How many lines below hold the string "times"? Report that number alone.

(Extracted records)
• • •

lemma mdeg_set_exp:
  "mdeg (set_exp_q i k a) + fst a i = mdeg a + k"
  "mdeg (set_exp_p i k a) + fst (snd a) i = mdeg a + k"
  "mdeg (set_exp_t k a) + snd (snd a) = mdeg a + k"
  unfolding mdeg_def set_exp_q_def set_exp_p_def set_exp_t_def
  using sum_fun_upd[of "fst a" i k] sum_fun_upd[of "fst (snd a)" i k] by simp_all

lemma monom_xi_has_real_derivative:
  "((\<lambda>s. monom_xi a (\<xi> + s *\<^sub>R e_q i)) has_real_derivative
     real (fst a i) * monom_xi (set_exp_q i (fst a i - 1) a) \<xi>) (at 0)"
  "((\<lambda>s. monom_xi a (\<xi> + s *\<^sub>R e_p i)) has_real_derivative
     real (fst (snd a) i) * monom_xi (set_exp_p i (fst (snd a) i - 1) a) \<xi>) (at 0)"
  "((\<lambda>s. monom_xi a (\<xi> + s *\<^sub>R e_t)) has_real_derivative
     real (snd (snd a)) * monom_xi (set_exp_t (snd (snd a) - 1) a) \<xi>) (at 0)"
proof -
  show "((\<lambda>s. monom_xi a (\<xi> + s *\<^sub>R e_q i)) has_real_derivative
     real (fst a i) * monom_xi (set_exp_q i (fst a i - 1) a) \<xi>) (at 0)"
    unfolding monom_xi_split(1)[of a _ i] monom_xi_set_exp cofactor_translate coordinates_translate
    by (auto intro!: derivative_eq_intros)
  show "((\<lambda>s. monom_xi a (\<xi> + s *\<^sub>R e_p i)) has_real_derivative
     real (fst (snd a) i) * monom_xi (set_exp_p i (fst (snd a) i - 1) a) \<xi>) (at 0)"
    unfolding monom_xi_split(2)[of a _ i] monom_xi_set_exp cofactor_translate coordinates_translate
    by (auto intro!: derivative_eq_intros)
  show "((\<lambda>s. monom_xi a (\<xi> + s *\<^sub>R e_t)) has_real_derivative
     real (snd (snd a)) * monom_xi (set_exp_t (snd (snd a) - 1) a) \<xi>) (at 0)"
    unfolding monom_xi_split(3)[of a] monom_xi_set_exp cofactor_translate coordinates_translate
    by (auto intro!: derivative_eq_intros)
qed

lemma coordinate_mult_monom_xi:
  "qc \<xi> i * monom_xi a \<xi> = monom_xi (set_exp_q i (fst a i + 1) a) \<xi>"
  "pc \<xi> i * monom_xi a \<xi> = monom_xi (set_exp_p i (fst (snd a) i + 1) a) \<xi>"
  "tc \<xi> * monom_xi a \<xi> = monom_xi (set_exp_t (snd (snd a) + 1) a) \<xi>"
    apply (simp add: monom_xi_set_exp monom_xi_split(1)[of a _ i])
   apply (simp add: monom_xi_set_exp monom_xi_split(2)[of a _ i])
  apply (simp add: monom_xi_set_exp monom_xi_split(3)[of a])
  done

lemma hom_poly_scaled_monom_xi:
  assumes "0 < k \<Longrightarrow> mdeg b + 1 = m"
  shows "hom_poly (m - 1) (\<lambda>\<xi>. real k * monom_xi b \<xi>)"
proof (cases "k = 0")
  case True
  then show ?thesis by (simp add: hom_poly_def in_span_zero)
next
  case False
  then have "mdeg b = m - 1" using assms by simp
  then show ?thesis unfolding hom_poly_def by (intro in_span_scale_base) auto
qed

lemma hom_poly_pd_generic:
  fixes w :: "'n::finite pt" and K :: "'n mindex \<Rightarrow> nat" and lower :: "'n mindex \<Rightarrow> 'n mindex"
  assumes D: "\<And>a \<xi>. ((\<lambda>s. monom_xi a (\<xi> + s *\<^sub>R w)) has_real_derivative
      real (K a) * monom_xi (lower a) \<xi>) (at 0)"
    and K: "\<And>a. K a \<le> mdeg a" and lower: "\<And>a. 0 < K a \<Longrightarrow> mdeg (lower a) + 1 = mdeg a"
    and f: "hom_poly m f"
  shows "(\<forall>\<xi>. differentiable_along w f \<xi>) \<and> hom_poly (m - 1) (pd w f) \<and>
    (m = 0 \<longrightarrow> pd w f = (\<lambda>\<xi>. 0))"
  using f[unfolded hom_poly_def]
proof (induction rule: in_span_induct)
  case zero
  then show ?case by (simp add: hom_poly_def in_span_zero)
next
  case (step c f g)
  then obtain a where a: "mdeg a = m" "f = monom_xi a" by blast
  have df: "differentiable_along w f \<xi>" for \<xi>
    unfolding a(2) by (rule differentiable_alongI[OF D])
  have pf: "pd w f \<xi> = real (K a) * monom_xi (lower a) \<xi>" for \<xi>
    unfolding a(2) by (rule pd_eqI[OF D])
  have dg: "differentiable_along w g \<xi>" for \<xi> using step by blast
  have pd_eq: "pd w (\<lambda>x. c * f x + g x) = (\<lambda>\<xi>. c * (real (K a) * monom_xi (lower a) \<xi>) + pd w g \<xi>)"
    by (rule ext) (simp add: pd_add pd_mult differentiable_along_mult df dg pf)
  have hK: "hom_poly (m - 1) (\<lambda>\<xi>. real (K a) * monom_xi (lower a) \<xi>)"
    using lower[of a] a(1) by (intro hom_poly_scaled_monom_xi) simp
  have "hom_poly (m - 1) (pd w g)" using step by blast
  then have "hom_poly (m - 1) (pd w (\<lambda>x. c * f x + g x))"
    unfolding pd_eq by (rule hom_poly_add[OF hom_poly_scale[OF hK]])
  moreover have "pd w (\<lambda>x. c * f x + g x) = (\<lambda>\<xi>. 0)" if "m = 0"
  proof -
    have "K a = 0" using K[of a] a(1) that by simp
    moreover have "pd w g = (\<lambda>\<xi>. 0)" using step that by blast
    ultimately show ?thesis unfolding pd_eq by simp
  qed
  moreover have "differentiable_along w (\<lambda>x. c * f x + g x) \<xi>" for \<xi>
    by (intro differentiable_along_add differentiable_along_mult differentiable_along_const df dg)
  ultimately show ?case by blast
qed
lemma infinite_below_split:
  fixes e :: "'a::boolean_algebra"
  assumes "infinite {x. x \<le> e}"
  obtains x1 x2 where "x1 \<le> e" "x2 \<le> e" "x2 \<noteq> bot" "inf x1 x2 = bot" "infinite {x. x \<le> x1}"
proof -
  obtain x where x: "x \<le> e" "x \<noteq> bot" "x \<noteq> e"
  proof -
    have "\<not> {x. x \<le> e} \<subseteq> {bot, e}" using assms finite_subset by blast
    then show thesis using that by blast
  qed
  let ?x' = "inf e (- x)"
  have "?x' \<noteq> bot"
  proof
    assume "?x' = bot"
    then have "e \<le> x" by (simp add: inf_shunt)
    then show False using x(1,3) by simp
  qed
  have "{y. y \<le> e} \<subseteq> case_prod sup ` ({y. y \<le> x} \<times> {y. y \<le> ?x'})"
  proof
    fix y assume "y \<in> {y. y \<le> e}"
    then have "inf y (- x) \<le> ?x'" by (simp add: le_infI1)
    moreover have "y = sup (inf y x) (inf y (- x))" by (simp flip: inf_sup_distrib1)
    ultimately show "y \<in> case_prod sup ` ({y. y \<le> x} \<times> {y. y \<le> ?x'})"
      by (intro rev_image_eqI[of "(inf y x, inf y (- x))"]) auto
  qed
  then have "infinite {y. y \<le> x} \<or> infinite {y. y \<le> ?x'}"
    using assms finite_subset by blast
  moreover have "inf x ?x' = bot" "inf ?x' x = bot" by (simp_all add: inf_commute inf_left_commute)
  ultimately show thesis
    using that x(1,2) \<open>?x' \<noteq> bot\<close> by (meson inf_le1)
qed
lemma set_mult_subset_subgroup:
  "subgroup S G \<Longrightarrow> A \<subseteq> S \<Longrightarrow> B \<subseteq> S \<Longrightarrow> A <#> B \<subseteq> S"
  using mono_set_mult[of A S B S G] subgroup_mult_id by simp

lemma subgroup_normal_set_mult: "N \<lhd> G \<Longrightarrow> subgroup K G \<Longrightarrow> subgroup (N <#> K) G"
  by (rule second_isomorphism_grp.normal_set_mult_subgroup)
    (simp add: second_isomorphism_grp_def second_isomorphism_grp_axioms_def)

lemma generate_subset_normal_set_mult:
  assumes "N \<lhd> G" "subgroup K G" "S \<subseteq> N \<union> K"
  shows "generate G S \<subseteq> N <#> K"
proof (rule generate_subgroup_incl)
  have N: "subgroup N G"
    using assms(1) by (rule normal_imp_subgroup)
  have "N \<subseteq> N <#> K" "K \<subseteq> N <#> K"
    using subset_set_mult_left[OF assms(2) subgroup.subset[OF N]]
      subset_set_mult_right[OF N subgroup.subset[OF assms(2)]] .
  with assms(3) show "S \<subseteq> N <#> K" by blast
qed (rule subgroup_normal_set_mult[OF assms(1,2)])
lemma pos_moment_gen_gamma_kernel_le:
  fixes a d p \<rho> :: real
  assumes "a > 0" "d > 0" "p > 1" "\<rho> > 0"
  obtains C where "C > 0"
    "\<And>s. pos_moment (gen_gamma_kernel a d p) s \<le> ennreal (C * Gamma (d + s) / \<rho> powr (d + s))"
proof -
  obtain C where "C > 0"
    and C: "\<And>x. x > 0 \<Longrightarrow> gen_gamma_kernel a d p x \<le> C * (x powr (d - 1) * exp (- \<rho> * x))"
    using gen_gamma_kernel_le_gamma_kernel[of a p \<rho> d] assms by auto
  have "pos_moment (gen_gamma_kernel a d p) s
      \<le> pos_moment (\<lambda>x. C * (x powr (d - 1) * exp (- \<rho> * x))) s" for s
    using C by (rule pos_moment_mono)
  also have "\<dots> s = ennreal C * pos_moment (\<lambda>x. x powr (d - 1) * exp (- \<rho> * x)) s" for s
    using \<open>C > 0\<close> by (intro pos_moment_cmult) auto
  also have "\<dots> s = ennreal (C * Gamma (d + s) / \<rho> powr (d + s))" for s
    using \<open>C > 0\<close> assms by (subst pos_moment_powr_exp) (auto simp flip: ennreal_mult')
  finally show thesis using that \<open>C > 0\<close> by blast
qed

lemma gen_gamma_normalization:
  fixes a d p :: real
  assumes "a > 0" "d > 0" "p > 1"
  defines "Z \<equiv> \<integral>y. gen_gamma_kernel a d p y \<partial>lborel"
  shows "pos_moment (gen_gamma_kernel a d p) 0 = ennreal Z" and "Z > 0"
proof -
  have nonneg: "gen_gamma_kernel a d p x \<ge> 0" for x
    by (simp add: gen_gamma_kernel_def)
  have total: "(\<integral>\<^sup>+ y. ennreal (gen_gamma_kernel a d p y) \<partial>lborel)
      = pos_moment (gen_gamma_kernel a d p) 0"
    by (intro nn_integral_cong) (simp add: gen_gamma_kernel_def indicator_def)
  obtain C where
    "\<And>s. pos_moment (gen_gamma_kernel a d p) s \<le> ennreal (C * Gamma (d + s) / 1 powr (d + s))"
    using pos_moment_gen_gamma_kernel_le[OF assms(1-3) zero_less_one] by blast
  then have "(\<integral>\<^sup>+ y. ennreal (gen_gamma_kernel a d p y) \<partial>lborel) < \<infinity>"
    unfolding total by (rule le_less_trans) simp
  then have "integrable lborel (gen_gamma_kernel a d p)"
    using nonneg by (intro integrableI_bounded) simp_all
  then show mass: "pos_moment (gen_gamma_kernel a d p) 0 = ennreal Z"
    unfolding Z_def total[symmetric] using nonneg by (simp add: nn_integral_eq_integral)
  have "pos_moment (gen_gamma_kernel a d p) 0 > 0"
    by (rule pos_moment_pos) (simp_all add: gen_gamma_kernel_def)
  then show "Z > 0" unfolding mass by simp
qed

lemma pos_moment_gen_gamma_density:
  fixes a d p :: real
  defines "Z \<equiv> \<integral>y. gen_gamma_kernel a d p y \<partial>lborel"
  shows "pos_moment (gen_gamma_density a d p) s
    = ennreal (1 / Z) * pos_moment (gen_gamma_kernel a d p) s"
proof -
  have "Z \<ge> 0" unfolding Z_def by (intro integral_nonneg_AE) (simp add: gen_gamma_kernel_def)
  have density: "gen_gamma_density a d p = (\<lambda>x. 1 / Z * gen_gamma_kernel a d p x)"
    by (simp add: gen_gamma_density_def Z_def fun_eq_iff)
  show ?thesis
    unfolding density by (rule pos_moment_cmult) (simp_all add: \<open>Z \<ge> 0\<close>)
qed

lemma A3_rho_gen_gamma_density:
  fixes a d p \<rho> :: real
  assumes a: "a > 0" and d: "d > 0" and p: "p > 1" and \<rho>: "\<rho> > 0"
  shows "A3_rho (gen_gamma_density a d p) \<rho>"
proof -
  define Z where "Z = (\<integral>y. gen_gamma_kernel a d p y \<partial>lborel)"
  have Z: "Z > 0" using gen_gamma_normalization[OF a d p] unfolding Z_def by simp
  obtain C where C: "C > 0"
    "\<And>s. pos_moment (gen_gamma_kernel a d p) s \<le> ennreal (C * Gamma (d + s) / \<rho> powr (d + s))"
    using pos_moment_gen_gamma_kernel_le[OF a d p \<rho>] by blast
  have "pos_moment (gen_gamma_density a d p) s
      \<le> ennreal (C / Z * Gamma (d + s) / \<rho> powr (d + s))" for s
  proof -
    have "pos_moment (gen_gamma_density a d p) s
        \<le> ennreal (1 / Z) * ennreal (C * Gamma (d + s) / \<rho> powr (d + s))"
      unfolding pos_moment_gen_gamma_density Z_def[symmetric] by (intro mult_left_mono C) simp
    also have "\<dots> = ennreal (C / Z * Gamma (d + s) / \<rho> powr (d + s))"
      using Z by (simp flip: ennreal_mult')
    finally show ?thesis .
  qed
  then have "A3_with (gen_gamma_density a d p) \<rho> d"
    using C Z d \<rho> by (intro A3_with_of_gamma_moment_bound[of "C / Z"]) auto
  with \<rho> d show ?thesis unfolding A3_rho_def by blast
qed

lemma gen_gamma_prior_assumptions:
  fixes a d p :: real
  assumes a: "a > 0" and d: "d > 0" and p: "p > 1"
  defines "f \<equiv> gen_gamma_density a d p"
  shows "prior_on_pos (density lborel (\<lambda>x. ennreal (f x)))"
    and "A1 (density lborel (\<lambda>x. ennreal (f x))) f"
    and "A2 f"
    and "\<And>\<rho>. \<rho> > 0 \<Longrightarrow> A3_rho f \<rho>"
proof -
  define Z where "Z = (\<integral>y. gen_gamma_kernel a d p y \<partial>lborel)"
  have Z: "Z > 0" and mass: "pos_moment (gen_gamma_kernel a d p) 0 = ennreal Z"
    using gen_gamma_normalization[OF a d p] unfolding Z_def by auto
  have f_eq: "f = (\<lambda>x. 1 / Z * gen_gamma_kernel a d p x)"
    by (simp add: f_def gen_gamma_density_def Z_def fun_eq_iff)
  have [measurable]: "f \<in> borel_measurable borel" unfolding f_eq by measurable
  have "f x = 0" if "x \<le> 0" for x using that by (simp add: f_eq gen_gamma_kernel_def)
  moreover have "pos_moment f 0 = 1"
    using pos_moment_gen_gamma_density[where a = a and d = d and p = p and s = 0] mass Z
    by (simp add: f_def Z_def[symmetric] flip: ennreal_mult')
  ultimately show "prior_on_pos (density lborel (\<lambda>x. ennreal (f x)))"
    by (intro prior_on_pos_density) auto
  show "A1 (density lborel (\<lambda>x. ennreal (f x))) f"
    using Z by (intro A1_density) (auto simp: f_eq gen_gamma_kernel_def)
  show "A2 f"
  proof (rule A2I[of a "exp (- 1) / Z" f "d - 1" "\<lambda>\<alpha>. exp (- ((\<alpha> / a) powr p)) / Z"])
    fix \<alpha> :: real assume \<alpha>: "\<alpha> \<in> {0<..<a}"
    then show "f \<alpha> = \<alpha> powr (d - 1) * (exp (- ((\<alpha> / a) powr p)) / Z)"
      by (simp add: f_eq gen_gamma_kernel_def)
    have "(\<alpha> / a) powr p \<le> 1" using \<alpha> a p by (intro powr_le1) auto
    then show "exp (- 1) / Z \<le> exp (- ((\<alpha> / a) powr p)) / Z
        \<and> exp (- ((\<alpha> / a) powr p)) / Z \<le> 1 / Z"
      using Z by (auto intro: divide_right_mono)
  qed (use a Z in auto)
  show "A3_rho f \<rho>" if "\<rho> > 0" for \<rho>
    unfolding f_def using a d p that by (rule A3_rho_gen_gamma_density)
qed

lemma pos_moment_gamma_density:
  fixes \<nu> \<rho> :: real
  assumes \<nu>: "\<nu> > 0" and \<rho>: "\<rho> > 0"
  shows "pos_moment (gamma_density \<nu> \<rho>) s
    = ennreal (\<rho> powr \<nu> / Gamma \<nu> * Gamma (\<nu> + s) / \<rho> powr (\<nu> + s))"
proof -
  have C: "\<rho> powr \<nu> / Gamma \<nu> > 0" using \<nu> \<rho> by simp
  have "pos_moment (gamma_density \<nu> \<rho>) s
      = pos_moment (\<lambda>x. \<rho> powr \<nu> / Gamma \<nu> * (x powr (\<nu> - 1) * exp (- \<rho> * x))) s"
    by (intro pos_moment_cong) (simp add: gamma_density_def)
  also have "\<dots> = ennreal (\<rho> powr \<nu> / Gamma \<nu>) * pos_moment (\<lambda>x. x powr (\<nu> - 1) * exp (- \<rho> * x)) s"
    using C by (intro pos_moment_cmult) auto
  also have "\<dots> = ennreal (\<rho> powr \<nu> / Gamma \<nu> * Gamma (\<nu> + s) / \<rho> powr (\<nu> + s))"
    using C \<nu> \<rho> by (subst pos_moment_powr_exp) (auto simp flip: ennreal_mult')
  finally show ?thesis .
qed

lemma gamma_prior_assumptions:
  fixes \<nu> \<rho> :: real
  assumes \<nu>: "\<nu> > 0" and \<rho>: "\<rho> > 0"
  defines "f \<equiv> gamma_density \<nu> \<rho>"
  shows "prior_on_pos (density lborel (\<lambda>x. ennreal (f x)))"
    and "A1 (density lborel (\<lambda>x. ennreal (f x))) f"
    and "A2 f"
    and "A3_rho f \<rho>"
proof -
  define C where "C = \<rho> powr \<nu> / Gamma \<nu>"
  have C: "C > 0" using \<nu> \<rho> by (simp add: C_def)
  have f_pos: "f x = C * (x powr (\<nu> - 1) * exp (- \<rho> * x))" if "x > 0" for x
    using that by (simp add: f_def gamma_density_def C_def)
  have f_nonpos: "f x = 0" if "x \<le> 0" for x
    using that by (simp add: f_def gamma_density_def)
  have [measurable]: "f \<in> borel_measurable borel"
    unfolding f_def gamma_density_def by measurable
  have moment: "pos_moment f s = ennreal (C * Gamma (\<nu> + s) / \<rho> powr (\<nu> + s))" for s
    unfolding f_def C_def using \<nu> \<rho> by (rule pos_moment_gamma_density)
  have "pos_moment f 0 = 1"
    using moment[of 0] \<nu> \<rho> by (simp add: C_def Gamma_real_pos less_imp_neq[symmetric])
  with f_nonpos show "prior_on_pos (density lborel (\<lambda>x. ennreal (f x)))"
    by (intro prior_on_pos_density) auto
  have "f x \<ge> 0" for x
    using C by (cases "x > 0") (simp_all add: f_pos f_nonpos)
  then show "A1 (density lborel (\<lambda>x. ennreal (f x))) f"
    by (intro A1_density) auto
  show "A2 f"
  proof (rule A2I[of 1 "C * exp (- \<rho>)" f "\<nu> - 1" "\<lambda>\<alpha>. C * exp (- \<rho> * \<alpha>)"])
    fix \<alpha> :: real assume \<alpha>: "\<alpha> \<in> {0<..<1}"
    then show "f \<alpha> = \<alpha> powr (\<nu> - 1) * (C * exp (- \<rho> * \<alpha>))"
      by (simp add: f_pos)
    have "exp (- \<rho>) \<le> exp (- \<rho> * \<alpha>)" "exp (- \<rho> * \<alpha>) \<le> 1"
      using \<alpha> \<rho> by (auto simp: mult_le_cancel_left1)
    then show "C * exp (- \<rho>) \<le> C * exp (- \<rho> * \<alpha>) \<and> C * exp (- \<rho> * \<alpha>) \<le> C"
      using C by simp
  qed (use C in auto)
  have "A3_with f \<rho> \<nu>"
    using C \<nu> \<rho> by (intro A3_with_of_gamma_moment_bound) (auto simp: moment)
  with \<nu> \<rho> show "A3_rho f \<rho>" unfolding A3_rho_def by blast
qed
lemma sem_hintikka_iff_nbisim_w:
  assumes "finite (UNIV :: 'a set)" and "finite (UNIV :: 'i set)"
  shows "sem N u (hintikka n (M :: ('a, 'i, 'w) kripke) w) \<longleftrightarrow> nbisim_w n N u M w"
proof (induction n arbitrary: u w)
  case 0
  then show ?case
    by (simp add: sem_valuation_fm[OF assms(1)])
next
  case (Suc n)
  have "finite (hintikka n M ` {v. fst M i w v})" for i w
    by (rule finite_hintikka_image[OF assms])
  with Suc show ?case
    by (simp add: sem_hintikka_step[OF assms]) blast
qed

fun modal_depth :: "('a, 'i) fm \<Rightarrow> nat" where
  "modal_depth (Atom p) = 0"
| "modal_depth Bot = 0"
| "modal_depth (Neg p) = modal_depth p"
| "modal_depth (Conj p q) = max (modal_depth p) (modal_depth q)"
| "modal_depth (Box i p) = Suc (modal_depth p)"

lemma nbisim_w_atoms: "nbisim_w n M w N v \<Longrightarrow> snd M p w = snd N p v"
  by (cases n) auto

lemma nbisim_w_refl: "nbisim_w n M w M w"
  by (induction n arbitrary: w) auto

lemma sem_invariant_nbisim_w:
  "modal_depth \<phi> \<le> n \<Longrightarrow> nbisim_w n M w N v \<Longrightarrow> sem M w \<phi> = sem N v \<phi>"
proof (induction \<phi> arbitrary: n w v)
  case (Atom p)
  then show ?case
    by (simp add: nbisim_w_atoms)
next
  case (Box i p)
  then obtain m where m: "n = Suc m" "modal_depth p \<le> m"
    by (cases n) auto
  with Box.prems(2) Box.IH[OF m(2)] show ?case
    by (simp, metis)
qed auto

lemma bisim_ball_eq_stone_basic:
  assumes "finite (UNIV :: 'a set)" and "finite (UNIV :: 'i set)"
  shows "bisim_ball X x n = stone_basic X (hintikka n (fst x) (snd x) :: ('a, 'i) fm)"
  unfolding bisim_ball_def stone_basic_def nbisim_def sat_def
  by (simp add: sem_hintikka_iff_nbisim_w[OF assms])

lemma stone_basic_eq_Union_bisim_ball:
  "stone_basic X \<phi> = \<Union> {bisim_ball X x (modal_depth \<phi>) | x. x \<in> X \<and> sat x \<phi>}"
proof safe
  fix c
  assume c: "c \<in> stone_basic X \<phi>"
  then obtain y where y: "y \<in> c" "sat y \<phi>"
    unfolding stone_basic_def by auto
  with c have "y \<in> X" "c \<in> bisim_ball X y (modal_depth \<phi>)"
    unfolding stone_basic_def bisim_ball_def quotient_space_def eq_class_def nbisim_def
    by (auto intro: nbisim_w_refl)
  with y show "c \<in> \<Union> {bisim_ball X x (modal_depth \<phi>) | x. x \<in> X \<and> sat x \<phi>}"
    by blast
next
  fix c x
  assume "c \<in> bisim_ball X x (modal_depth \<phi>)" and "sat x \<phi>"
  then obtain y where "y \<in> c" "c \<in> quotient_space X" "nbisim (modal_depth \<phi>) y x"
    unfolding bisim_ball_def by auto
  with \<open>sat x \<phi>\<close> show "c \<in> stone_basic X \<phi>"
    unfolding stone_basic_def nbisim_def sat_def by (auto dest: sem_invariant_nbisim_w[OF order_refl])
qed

• • •

* _REPLY TO THE EXERCISE_
2